春休み、補習だった俺は錫也と月子とは少し遅れて帰省した。だからというかなんというか、帰省の際にいつも忘れ物はないか聞いてくれるオカンと反面教師となるそそっかしい幼馴染みがいたから普段は忘れることはなかったんだけど…。
「っだー……」
仕方ない、お袋が帰ってくるまで待つしかないか、と思った。が、
「そういえば今日は夜勤だって言ってたっけ…」
だめじゃん。
「…………あっ錫也んち!」
そうだ!俺には先に帰省していた幼馴染みがいた!ようしお袋が帰ってくるまで滞在させてもらおう!と錫也の家に行ってインターホンを押した。
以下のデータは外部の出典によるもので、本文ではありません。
lemma clopen_matching_homeomorphism:
  assumes cA: "cantor_space A" and cB: "cantor_space B" and M0: "clopen_matching A B zs ys M0"
    and len: "length zs = length ys" and dz: "distinct zs" and dy: "distinct ys"
    and zA: "set zs \<subseteq> A"
  obtains h g where "homeomorphism A B h g" "map h zs = ys"
    "\<And>m x. m \<in> M0 \<Longrightarrow> x \<in> fst m \<Longrightarrow> h x \<in> snd m"
    "\<And>m y. m \<in> M0 \<Longrightarrow> y \<in> snd m \<Longrightarrow> g y \<in> fst m"
proof -
  obtain S where S0: "S 0 = M0" and S: "refining_matchings A B zs ys S"
    by (rule clopen_matching_refining_sequence[OF cA cB M0 len dz dy])
  interpret refining_matchings A B zs ys S by (rule S)
  interpret inv: refining_matchings B A ys zs "\<lambda>k. prod.swap ` S k" by (rule swap)
  have maps: "map limit_map zs = ys"
  proof (rule nth_equalityI)
    fix i assume "i < length (map limit_map zs)"
    then have i: "i < length zs" by simp
    then have "zs!i \<in> A" using zA nth_mem by blast
    moreover have "tracks (zs!i) (ys!i)"
      using piece_exists[OF \<open>zs!i \<in> A\<close>] clopen_matchingD(10)[OF matching _ i] unfolding tracks_def by blast
    ultimately show "map limit_map zs ! i = ys ! i" using limit_map_eq i by simp
  qed (simp add: len)
  have forward: "limit_map x \<in> snd m" if m: "m \<in> M0" "x \<in> fst m" for m x
  proof -
    have "x \<in> A" using clopen_in_subset[OF clopen_matchingD(4)[OF M0 m(1)]] m(2) by blast
    then show ?thesis using limit_map_partner m S0 by blast
  qed
  have backward: "inv.limit_map y \<in> fst m" if m: "m \<in> M0" "y \<in> snd m" for m y
  proof -
    have "y \<in> B" using clopen_in_subset[OF clopen_matchingD(5)[OF M0 m(1)]] m(2) by blast
    moreover have "prod.swap m \<in> prod.swap ` S 0" using m(1) S0 by blast
    ultimately show ?thesis using inv.limit_map_partner[of y "prod.swap m" 0] m(2) by simp
  qed
  show ?thesis by (rule that[OF homeomorphism_limit_map maps forward backward])
qed

lemma clopen_partition_Lebesgue:
  assumes U: "clopen_partition X e U" and "compact X"
  obtains \<delta> where "\<delta> > 0" "\<forall>x\<in>X. \<forall>y\<in>X. dist x y < \<delta> \<longrightarrow> (\<exists>W\<in>U. x \<in> W \<and> y \<in> W)"
proof (cases "U = {}")
  case True
  then have "X = {}" using U by (simp add: clopen_partition_def)
  then show ?thesis using that[of 1] by simp
next
  case False
  define C where "C = (\<lambda>W. - (X - W)) ` U"
  have "open G" if "G \<in> C" for G
    using that U open_Compl unfolding C_def clopen_partition_def clopen_in_def by blast
  moreover have "X \<subseteq> \<Union>C" using U unfolding C_def clopen_partition_def by blast
  moreover have "C \<noteq> {}" using False by (simp add: C_def)
  ultimately obtain \<delta> where \<delta>: "\<delta> > 0" "\<And>T. T \<subseteq> X \<Longrightarrow> diameter T < \<delta> \<Longrightarrow> \<exists>G\<in>C. T \<subseteq> G"
    using Lebesgue_number_lemma[OF \<open>compact X\<close> \<open>C \<noteq> {}\<close> \<open>X \<subseteq> \<Union>C\<close>] by blast
  have "\<exists>W\<in>U. x \<in> W \<and> y \<in> W" if xy: "x \<in> X" "y \<in> X" "dist x y < \<delta>" for x y
  proof -
    have "diameter {x, y} \<le> dist x y"
      by (rule diameter_le_dist_bound) (auto simp: dist_commute)
    then obtain G where "G \<in> C" "{x, y} \<subseteq> G" using \<delta>(2)[of "{x, y}"] xy by force
    then show ?thesis using xy(1,2) unfolding C_def by blast
  qed
  then show ?thesis using that \<delta>(1) by blast
qed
しかし返事がない。そしていつもはある東月家の車がないことに気がついた。
「そうだ……こいつんち今日から家族旅行じゃん…」
あああ最悪だあああ!くっそ…こうなったら月子しかいねーじゃん…。
「でも…なあ…」
最悪泊まらせてもらうかもしれないという事実。そうなったら柚月兄に殺されかねない。いやでもまだ肌寒いから野宿は嫌だしな…ええい一か八か!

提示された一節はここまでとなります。